START TASK DATA

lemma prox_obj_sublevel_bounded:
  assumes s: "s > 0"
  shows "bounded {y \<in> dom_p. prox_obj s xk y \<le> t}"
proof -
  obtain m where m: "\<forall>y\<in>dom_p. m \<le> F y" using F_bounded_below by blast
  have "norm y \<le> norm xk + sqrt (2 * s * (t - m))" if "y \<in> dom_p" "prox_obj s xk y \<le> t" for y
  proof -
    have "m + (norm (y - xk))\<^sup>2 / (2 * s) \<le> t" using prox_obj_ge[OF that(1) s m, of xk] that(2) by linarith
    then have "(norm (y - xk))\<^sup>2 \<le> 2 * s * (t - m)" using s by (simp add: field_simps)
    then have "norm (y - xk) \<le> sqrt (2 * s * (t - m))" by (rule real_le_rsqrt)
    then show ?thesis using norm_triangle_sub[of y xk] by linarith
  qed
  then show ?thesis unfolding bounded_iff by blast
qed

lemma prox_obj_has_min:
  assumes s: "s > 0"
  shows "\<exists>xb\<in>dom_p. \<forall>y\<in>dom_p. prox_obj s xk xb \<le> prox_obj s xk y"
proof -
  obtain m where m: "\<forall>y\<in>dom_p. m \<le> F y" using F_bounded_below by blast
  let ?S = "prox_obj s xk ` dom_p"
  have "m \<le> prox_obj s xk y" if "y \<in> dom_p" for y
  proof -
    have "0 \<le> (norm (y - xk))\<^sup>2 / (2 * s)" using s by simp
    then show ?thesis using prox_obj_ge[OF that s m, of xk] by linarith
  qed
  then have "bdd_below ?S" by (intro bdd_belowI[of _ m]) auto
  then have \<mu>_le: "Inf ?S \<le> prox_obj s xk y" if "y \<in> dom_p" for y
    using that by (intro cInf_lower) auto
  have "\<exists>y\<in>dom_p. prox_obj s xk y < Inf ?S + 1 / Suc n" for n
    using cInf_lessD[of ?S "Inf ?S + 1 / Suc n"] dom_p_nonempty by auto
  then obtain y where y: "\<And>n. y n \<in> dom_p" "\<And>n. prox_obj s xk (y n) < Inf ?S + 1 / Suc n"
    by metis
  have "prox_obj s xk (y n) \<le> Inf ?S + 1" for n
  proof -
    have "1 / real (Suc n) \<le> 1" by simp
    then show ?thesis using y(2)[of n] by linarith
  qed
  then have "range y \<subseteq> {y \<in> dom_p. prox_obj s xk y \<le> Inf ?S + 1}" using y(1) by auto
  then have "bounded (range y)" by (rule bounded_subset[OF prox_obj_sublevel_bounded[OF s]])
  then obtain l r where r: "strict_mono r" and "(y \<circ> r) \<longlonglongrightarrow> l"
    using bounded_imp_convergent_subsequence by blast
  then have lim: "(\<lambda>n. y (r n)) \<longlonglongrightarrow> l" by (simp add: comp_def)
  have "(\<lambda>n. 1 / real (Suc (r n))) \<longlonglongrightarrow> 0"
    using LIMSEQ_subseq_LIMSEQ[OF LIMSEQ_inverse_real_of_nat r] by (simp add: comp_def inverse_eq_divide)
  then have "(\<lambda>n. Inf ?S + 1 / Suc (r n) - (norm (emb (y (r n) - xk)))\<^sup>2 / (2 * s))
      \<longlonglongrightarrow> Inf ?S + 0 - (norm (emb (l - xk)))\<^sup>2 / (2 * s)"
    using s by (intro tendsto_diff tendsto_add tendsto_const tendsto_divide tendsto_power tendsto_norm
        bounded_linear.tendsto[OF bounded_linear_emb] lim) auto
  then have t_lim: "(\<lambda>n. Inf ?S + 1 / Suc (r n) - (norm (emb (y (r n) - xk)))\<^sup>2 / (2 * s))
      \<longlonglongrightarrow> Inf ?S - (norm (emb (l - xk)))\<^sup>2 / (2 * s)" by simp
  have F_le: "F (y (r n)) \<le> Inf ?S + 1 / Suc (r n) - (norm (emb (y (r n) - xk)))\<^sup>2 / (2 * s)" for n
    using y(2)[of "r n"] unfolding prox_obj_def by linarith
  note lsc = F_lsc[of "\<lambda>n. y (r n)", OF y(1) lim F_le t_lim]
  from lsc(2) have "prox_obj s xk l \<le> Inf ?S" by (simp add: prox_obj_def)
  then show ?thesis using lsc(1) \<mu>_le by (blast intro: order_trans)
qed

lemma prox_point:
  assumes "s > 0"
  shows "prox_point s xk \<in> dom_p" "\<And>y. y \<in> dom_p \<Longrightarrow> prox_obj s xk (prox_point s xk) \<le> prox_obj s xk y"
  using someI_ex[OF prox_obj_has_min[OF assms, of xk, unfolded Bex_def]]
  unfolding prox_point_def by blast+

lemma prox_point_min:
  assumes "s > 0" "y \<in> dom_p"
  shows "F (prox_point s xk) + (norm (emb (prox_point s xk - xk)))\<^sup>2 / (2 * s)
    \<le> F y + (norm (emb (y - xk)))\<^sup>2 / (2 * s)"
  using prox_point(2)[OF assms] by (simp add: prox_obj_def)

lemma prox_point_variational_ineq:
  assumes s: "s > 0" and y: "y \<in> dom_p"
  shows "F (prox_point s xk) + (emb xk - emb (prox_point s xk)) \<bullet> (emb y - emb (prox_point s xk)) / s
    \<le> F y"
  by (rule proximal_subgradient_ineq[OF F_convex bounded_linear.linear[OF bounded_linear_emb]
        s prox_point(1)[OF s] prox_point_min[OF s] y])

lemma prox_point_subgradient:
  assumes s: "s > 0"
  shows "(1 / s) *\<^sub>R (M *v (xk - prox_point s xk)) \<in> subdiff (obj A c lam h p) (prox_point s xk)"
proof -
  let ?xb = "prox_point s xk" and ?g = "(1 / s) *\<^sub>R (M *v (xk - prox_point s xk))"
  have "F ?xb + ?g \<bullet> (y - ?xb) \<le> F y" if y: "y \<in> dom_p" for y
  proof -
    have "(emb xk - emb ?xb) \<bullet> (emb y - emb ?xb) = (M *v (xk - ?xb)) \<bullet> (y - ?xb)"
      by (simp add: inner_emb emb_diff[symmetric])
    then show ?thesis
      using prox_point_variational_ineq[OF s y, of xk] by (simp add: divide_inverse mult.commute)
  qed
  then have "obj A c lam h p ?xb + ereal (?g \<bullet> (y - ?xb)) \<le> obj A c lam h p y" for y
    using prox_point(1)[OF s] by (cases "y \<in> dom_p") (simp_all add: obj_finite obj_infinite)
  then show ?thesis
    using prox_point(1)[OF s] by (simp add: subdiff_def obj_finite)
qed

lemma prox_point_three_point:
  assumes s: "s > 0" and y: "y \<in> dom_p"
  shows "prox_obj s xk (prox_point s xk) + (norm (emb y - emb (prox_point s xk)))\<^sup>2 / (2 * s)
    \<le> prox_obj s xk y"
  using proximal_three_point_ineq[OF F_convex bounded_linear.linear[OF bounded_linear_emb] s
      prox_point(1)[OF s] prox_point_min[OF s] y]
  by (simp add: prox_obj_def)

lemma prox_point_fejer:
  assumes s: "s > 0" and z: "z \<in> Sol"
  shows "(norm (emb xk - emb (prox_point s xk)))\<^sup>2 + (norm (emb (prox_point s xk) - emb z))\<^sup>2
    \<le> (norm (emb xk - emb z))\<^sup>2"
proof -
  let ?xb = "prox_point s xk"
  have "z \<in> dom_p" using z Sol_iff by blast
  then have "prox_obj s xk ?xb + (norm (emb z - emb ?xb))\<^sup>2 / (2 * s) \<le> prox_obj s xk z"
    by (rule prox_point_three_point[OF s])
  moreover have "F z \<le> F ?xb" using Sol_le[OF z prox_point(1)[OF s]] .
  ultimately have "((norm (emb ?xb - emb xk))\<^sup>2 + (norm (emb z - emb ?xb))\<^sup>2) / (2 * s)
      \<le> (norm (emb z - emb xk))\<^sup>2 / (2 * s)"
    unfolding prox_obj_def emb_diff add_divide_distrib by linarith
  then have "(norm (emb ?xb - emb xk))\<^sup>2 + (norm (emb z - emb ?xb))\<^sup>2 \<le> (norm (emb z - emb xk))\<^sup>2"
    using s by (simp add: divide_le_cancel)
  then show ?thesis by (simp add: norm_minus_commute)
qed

END TASK DATA

◆ **ABOUT THIS EXERCISE**: Show every line of the entries above where the word "rule" occurs.

◆ **ANSWER FOR THIS EXERCISE**:
    then have "norm (y - xk) \<le> sqrt (2 * s * (t - m))" by (rule real_le_rsqrt)
  then have "bounded (range y)" by (rule bounded_subset[OF prox_obj_sublevel_bounded[OF s]])
  by (rule proximal_subgradient_ineq[OF F_convex bounded_linear.linear[OF bounded_linear_emb]
    by (rule prox_point_three_point[OF s])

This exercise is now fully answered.